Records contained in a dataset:
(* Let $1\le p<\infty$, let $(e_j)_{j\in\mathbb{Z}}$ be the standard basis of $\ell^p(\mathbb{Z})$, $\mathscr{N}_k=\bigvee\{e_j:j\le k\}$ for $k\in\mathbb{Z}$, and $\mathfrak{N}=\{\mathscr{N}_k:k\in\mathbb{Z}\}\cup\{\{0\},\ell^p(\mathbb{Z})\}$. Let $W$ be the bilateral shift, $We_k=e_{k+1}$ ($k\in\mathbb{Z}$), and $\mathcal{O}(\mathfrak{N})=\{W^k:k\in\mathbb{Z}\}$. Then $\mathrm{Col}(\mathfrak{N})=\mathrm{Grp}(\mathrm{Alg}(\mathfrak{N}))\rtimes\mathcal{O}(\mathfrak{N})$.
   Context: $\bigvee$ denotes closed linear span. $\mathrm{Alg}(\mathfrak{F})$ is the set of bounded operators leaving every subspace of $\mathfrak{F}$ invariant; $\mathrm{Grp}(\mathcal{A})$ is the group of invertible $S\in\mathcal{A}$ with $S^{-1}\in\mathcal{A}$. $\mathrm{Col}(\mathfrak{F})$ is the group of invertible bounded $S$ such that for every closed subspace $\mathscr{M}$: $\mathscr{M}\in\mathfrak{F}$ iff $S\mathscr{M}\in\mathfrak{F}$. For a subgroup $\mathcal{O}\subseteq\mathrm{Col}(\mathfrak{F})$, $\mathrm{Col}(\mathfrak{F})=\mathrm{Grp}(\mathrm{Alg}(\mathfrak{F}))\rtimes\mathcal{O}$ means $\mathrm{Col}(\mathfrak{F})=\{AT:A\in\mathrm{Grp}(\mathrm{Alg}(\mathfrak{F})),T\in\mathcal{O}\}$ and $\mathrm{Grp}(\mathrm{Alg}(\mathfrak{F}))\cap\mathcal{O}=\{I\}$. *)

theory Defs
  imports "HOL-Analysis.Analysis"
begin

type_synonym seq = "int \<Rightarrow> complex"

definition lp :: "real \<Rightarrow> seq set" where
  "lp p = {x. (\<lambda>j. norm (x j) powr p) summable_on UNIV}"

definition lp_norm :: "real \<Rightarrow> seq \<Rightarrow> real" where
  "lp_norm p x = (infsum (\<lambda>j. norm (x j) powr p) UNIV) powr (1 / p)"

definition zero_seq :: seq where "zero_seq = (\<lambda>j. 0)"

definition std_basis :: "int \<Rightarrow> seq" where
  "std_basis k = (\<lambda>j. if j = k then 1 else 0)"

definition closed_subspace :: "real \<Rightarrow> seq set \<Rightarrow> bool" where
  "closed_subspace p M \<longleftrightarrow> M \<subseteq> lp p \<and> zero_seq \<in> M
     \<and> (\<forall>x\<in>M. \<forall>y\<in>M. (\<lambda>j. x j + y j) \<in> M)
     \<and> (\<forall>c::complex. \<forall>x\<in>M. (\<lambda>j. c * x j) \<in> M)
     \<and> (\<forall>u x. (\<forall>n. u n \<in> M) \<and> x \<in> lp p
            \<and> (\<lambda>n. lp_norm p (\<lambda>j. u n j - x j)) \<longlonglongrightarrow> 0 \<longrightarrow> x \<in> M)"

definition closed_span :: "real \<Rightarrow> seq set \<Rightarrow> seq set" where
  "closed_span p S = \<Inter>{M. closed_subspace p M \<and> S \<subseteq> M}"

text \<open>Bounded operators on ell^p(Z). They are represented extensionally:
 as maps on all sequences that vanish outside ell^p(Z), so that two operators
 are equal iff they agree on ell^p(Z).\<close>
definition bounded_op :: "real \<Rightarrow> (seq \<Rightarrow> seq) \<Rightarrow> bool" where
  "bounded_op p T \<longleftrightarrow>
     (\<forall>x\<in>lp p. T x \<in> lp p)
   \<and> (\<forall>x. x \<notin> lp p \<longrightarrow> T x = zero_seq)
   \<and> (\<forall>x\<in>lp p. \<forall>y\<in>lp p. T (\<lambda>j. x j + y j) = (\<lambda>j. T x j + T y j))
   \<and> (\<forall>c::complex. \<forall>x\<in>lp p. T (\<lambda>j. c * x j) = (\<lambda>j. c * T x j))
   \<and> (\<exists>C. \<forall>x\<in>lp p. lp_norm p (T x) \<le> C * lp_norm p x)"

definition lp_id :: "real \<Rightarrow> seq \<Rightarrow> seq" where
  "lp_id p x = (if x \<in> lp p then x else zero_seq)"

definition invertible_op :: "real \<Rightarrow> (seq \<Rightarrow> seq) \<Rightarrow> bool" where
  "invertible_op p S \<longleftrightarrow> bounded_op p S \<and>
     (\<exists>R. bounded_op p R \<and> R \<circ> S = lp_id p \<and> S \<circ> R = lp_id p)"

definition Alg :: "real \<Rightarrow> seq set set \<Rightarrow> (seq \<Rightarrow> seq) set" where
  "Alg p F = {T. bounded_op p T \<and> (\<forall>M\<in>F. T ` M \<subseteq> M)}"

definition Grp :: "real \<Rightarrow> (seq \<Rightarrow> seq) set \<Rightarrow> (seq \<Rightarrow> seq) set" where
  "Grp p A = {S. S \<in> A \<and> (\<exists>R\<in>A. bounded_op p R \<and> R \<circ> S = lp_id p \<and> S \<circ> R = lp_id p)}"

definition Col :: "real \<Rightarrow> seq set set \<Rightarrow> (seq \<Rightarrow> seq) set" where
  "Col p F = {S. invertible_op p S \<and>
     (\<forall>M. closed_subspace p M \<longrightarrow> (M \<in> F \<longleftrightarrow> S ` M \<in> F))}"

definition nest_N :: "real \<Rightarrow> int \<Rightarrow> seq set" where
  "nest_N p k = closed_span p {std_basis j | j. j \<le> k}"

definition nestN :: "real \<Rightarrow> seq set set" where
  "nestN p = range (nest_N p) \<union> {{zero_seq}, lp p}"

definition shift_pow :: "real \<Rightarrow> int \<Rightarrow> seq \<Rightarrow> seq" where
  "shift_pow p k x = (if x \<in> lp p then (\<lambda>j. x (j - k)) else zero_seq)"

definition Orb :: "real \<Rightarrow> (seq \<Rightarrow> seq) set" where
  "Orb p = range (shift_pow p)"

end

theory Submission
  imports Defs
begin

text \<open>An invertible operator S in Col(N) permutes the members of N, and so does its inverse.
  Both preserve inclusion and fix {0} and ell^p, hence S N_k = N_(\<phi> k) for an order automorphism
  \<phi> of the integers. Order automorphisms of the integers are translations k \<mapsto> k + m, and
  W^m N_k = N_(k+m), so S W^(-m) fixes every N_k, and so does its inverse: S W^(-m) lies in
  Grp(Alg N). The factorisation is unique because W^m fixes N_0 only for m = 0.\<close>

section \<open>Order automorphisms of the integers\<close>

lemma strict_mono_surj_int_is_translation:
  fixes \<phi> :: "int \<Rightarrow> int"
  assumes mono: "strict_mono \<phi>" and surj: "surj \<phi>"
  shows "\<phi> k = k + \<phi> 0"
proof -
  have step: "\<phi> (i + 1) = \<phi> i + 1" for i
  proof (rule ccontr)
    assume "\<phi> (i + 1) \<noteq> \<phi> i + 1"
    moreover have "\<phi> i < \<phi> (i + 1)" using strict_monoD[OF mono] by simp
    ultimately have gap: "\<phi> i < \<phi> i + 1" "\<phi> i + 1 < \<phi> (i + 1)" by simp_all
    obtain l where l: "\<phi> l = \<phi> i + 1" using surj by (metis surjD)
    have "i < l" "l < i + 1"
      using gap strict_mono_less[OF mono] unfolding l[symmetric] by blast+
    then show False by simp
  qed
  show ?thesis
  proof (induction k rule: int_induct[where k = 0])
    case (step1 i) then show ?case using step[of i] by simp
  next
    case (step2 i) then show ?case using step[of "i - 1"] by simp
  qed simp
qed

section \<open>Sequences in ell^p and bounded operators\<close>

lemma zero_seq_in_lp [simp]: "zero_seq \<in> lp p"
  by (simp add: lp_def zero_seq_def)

» WHAT YOU WILL DO:
Given the records above, restate word for word only the lines starting at the one with "powr p) summable_on" and ending at the one with "x j) \<in> M)".

» OUTPUT FOR THIS EXERCISE:
  "lp p = {x. (\<lambda>j. norm (x j) powr p) summable_on UNIV}"

definition lp_norm :: "real \<Rightarrow> seq \<Rightarrow> real" where
  "lp_norm p x = (infsum (\<lambda>j. norm (x j) powr p) UNIV) powr (1 / p)"

definition zero_seq :: seq where "zero_seq = (\<lambda>j. 0)"

definition std_basis :: "int \<Rightarrow> seq" where
  "std_basis k = (\<lambda>j. if j = k then 1 else 0)"

definition closed_subspace :: "real \<Rightarrow> seq set \<Rightarrow> bool" where
  "closed_subspace p M \<longleftrightarrow> M \<subseteq> lp p \<and> zero_seq \<in> M
     \<and> (\<forall>x\<in>M. \<forall>y\<in>M. (\<lambda>j. x j + y j) \<in> M)
     \<and> (\<forall>c::complex. \<forall>x\<in>M. (\<lambda>j. c * x j) \<in> M)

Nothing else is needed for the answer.